Jeżeli przywoziłem coś, to przede wszystkim dla rodziny. A później, jak graliśmy w Śląsku, w pucharach, to było paru chłopaków, którzy mieli do tego talent. Zarabiali na tym, ale mnie to nigdy nie bawiło. Nie szedłem w tym kierunku, żeby na handlu zarobić więcej.

– Piłka piłką, ale czekała matura?
– Jednym z warunków, postawionych przez rodziców przed moim wyjazdem do Wałbrzycha, była kontynuacja nauki. Jako fikcyjny górnik kopalni Thorez zarabiałem dużo pieniędzy, ale cztery razy w tygodniu, od czwartej do ósmej, uczęszczałem do wieczorowej szkoły górniczej. Ukończyłem ją, zdałem maturę. To pozwoliło mi potem w życiu robić to, co lubię, czyli zostać trenerem piłkarskim.

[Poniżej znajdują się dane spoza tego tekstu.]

(* Let $\Gamma_M$ ($M>0$) be a family of nonatomic routing games with a single OD pair, sharing the same graph, path set $\mathcal P$ and edge cost functions $(c_e)_{e\in\mathcal E}$, where $M$ is the traffic demand of the OD pair. Suppose there is a function $c:(0,\infty)\to(0,\infty)$, regularly varying at $\infty$, which is a benchmark for $(c_e)_{e\in\mathcal E}$ at $\infty$, and that the network is tight relative to $c$ at $\infty$, i.e. $0<\alpha<\infty$ where $\alpha=\min_{p\in\mathcal P}\max_{e\in p}\alpha_e$ and $\alpha_e=\lim_{x\to \infty}c_e(x)/c(x)$. Then $\lim_{M\to \infty}\mathrm{PoA}(\Gamma_M)=1$.
   Context: A nonatomic routing game consists of: a finite directed multigraph with edge set $\mathcal E$; a finite set $\mathcal I$ of origin–destination (OD) pairs, each $i\in\mathcal I$ with a demand $m^i\ge 0$ and a nonempty finite set $\mathcal P^i$ of paths from its origin to its destination, the sets $\mathcal P^i$ pairwise disjoint, $\mathcal P=\bigcup_i\mathcal P^i$; and for each edge $e$ a continuous nondecreasing cost function $c_e:[0,\infty)\to[0,\infty)$. The total inflow is $M=\sum_i m^i>0$. A feasible flow is $f\in\mathbb R_+^{\mathcal P}$ with $\sum_{p\in\mathcal P^i}f_p=m^i$ for all $i$; it induces loads $x_e=\sum_{p\ni e}f_p$ and path costs $c_p(f)=\sum_{e\in p}c_e(x_e)$. A Wardrop equilibrium is a feasible flow $f^*$ with $c_p(f^* )\le c_{p'}(f^* )$ for all $i$ and all $p,p'\in\mathcal P^i$ with $f^*_p>0$. The social cost is $L(x)=\sum_e x_e c_e(x_e)$; $\mathrm{Opt}(\Gamma)$ is its minimum over loads induced by feasible flows, $\mathrm{Eq}(\Gamma)=L(x^* )$ for the load of a Wardrop equilibrium (all equilibria have the same social cost), and $\mathrm{PoA}(\Gamma)=\mathrm{Eq}(\Gamma)/\mathrm{Opt}(\Gamma)$; it is assumed throughout that $\mathrm{Opt}(\Gamma)>0$ (if $\mathrm{Opt}=0$ one sets $\mathrm{PoA}=1$). For $\omega\in\{0,\infty\}$, $g:(0,\infty)\to(0,\infty)$ is regularly varying at $\omega$ if $\lim_{t\to\omega}g(tx)/g(t)$ exists and is finite and nonzero for every $x>0$. A function $c$ regularly varying at $\omega$ is a benchmark for the costs $(c_e)$ at $\omega$ if the limit $\alpha_e=\lim_{x\to\omega}c_e(x)/c(x)\in[0,\infty]$ exists for every edge $e$. *)

theory Defs
  imports "HOL-Analysis.Analysis"
begin

text \<open>Directed multigraph: edges of type 'e (finite edge set E), each edge e goes from
  vertex src e to vertex trg e.  A path is a list of edges.\<close>

fun is_walk :: "('e \<Rightarrow> 'v) \<Rightarrow> ('e \<Rightarrow> 'v) \<Rightarrow> 'v \<Rightarrow> 'e list \<Rightarrow> 'v \<Rightarrow> bool" where
  "is_walk src trg u [] v = (u = v)"
| "is_walk src trg u (e # es) v = (src e = u \<and> is_walk src trg (trg e) es v)"

definition simple_path :: "'e set \<Rightarrow> ('e \<Rightarrow> 'v) \<Rightarrow> ('e \<Rightarrow> 'v) \<Rightarrow> 'v \<Rightarrow> 'v \<Rightarrow> 'e list \<Rightarrow> bool" where
  "simple_path E src trg u v p \<longleftrightarrow>
     set p \<subseteq> E \<and> is_walk src trg u p v \<and> distinct (u # map trg p)"

text \<open>Single OD pair with path set P and demand M.\<close>
definition feasible :: "'e list set \<Rightarrow> real \<Rightarrow> ('e list \<Rightarrow> real) \<Rightarrow> bool" where
  "feasible P M f \<longleftrightarrow> (\<forall>p\<in>P. 0 \<le> f p) \<and> (\<Sum>p\<in>P. f p) = M"

definition load :: "'e list set \<Rightarrow> ('e list \<Rightarrow> real) \<Rightarrow> 'e \<Rightarrow> real" where
  "load P f e = (\<Sum>p\<in>{p\<in>P. e \<in> set p}. f p)"

definition path_cost :: "'e list set \<Rightarrow> ('e \<Rightarrow> real \<Rightarrow> real) \<Rightarrow> ('e list \<Rightarrow> real) \<Rightarrow> 'e list \<Rightarrow> real" where
  "path_cost P ce f p = (\<Sum>e\<in>set p. ce e (load P f e))"

definition wardrop :: "'e list set \<Rightarrow> ('e \<Rightarrow> real \<Rightarrow> real) \<Rightarrow> real \<Rightarrow> ('e list \<Rightarrow> real) \<Rightarrow> bool" where
  "wardrop P ce M f \<longleftrightarrow> feasible P M f \<and>
     (\<forall>p\<in>P. \<forall>p'\<in>P. 0 < f p \<longrightarrow> path_cost P ce f p \<le> path_cost P ce f p')"

definition social_cost :: "'e set \<Rightarrow> 'e list set \<Rightarrow> ('e \<Rightarrow> real \<Rightarrow> real) \<Rightarrow> ('e list \<Rightarrow> real) \<Rightarrow> real" where
  "social_cost E P ce f = (\<Sum>e\<in>E. load P f e * ce e (load P f e))"

definition Opt :: "'e set \<Rightarrow> 'e list set \<Rightarrow> ('e \<Rightarrow> real \<Rightarrow> real) \<Rightarrow> real \<Rightarrow> real" where
  "Opt E P ce M = Inf (social_cost E P ce ` {f. feasible P M f})"
(* Let $\gamma<1$, $\gamma\neq 0$. The following two conditions are equivalent. (A) For all $\gamma'\in(\gamma,1)$, $$\lim_{x\uparrow\infty}\frac{u_0'(x)}{x^{\gamma'-1}}=0,$$ and for all $\gamma''<\gamma$, $$\lim_{x\uparrow\infty}\frac{u_0'(x)}{x^{\gamma''-1}}=\infty.$$ (B) The measure $\mu$ has finite support with right boundary at $\frac{1}{1-\gamma}$, i.e. $$\inf\{y>0:\mu((y,\infty))=0\}=\frac{1}{1-\gamma}.$$
   Context: Let $\mu$ be a nonzero finite positive Borel measure on $(0,\infty)$ such that $\int y e^{yz}\mu(dy)<\infty$ for every $z\in\mathbb{R}$. Define $h(z,t):=\int e^{yz-\frac12 y^2 t}\mu(dy)$ for $(z,t)\in\mathbb{R}\times[0,\infty)$. For each $t$, the map $z\mapsto h(z,t)$ is strictly increasing with range $(0,\infty)$. Let $u:(0,\infty)\times[0,\infty)\to\mathbb{R}$ be smooth, strictly increasing and strictly concave in $x$, solving $u_t=\frac12 u_x^2/u_{xx}$, and related to $h$ by $u_x(h(z,t),t)=e^{-z+t/2}$ for all $(z,t)$. Write $u_0(x):=u(x,0)$. *)

theory Defs
  imports "HOL-Analysis.Analysis"
begin

definition hfun :: "real measure \<Rightarrow> real \<Rightarrow> real \<Rightarrow> real" where
  "hfun \<mu> z t = (\<integral>y. exp (y * z - y\<^sup>2 * t / 2) \<partial>\<mu>)"

text \<open>Smoothness (C-infinity) of a function of two real variables on a set S:
  all iterated partial derivatives (one-sided at boundary points, i.e. taken
  within S) exist and are continuous on S.\<close>
definition smooth2_on :: "(real \<times> real) set \<Rightarrow> (real \<times> real \<Rightarrow> real) \<Rightarrow> bool" where
  "smooth2_on S f \<longleftrightarrow>
     (\<exists>F. f \<in> F \<and>
        (\<forall>g\<in>F. continuous_on S g \<and>
           (\<exists>g1 g2. g1 \<in> F \<and> g2 \<in> F \<and>
              (\<forall>p\<in>S. ((\<lambda>s. g (s, snd p)) has_real_derivative g1 p)
                         (at (fst p) within {s. (s, snd p) \<in> S}) \<and>
                      ((\<lambda>s. g (fst p, s)) has_real_derivative g2 p)
                         (at (snd p) within {s. (fst p, s) \<in> S})))))"

end

theory Submission
  imports Defs "HOL-Real_Asymp.Real_Asymp"
begin

text \<open>
  At time 0 the relation between \<open>u\<^sub>x\<close> and \<open>h\<close> reads \<open>u\<^sub>0'(M z) = exp (-z)\<close>, where
  \<open>M z = \<integral> exp (y z) d\<mu>\<close> is the moment generating function of \<open>\<mu>\<close>; it maps \<open>[0,\<infinity>)\<close>
  onto \<open>[M 0,\<infinity>)\<close>, and nothing else about \<open>u\<close> (nor \<open>\<gamma> \<noteq> 0\<close>) is needed. If \<open>\<mu>\<close>
  charges \<open>(B,\<infinity>)\<close> then \<open>M z \<ge> \<mu>(B,\<infinity>) exp (B z)\<close>, whence \<open>u\<^sub>0'(x) \<ge> c x powr (-1/B)\<close>;
  if \<open>\<mu>\<close> vanishes on \<open>(b,\<infinity>)\<close> then \<open>M z \<le> \<mu>(\<real>) exp (b z)\<close>, whence
  \<open>u\<^sub>0'(x) \<le> C x powr (-1/b)\<close>. So \<open>u\<^sub>0'(x) / x powr (q - 1)\<close> tends to \<open>0\<close> for
  \<open>q > 1 - 1/b\<close> and to \<open>\<infinity>\<close> for \<open>q < 1 - 1/B\<close>: the critical exponent is \<open>1 - 1/\<beta>\<close> for
  the right end \<open>\<beta>\<close> of the support of \<open>\<mu>\<close>.
\<close>

lemma divide_powr_eq:
  fixes x c a q :: real
  assumes "0 < x" "0 < c"
  shows "(x / c) powr (- 1 / a) / x powr (q - 1) = c powr (1 / a) * x powr (1 - q - 1 / a)"
  using assms by (simp add: powr_divide powr_diff powr_minus powr_add field_simps)

lemma greaterThan_eq_UN_greaterThan: "{a<..} = (\<Union>n. {a + 1 / Suc n<..})" for a :: real
proof (intro set_eqI iffI)
  fix x assume "x \<in> {a<..}"
  then obtain n where "inverse (real (Suc n)) < x - a"
    using reals_Archimedean[of "x - a"] by auto
  then have "a + 1 / Suc n < x"
    by (simp add: inverse_eq_divide)
  then show "x \<in> (\<Union>n. {a + 1 / Suc n<..})"
    by blast
next
  fix x assume "x \<in> (\<Union>n. {a + 1 / Suc n<..})"
  then obtain n where "a + 1 / Suc n < x" by blast
  moreover have "0 < 1 / real (Suc n)" by simp
  ultimately have "a < x" by linarith
  then show "x \<in> {a<..}" by simp
qed

lemma less_one_minus_inverse_iff:
  fixes b q :: real
  assumes "0 < b" "q < 1"
  shows "q < 1 - 1 / b \<longleftrightarrow> 1 / (1 - q) < b"
  using assms by (simp add: field_simps)

lemma one_minus_inverse_less_iff:
  fixes b q :: real
  assumes "0 < b" "q < 1"
  shows "1 - 1 / b < q \<longleftrightarrow> b < 1 / (1 - q)"
  using assms by (simp add: field_simps)
lemma adj_cone_K4s:
  "adj (cone_K4s X k) i j \<longleftrightarrow> i < gorder X + 1 + 4 * k \<and> j < gorder X + 1 + 4 * k \<and>
     ((i = 0 \<and> j \<noteq> 0) \<or> (j = 0 \<and> i \<noteq> 0)
      \<or> (1 \<le> i \<and> i \<le> gorder X \<and> 1 \<le> j \<and> j \<le> gorder X \<and> adj X (i - 1) (j - 1))
      \<or> (gorder X < i \<and> gorder X < j \<and> i \<noteq> j \<and> (i - gorder X - 1) div 4 = (j - gorder X - 1) div 4))"
proof -
  have "adj (gunion X (copies k (complete 4))) a b \<longleftrightarrow> (a < gorder X \<and> b < gorder X \<and> adj X a b)
      \<or> (gorder X \<le> a \<and> gorder X \<le> b \<and> a < gorder X + 4 * k \<and> b < gorder X + 4 * k
         \<and> a \<noteq> b \<and> (a - gorder X) div 4 = (b - gorder X) div 4)" for a b
    by (auto simp: gunion_def adj_copies_complete)
  then show ?thesis
    unfolding cone_K4s_def adj_gjoin_complete1
    by (cases i; cases j) (simp_all add: Suc_le_eq less_Suc_eq_le mult.commute[of k 4], blast)
qed

lemma neighbours_cone_K4s_apex: "neighbours (cone_K4s X k) 0 = {1..<gorder X + 1 + 4 * k}"
  by (auto simp: neighbours_def adj_cone_K4s)

lemma neighbours_cone_K4s_base:
  assumes "i < gorder X"
  shows "neighbours (cone_K4s X k) (Suc i) = insert 0 (Suc ` neighbours X i)"
proof -
  have "j \<in> neighbours (cone_K4s X k) (Suc i) \<longleftrightarrow> j \<in> insert 0 (Suc ` neighbours X i)" for j
    using assms by (cases j) (auto simp: neighbours_def adj_cone_K4s)
  then show ?thesis by blast
qed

– Zarobki pozwalały na zakup drogich dżinsów w Pewexie.
– Oczywiście! Kosztowały od ośmiu do dziesięciu tzw. bonów dolarowych. To były duże pieniądze, ale zarabiałem już tak, że mogłem się dobrze ubrać. Pamiętam, że z mistrzostw Europy juniorów w Hiszpanii przywiozłem sobie wysokiej klasy spodnie. W Pewexie w tym czasie były Rifle, od czasu do czasu Wranglery, ale wyjazdy zagraniczne pozwalały mi spojrzeć na modę nieco szerzej. Zawsze dobrze się ubierałem. Do dzisiaj mi to zostało.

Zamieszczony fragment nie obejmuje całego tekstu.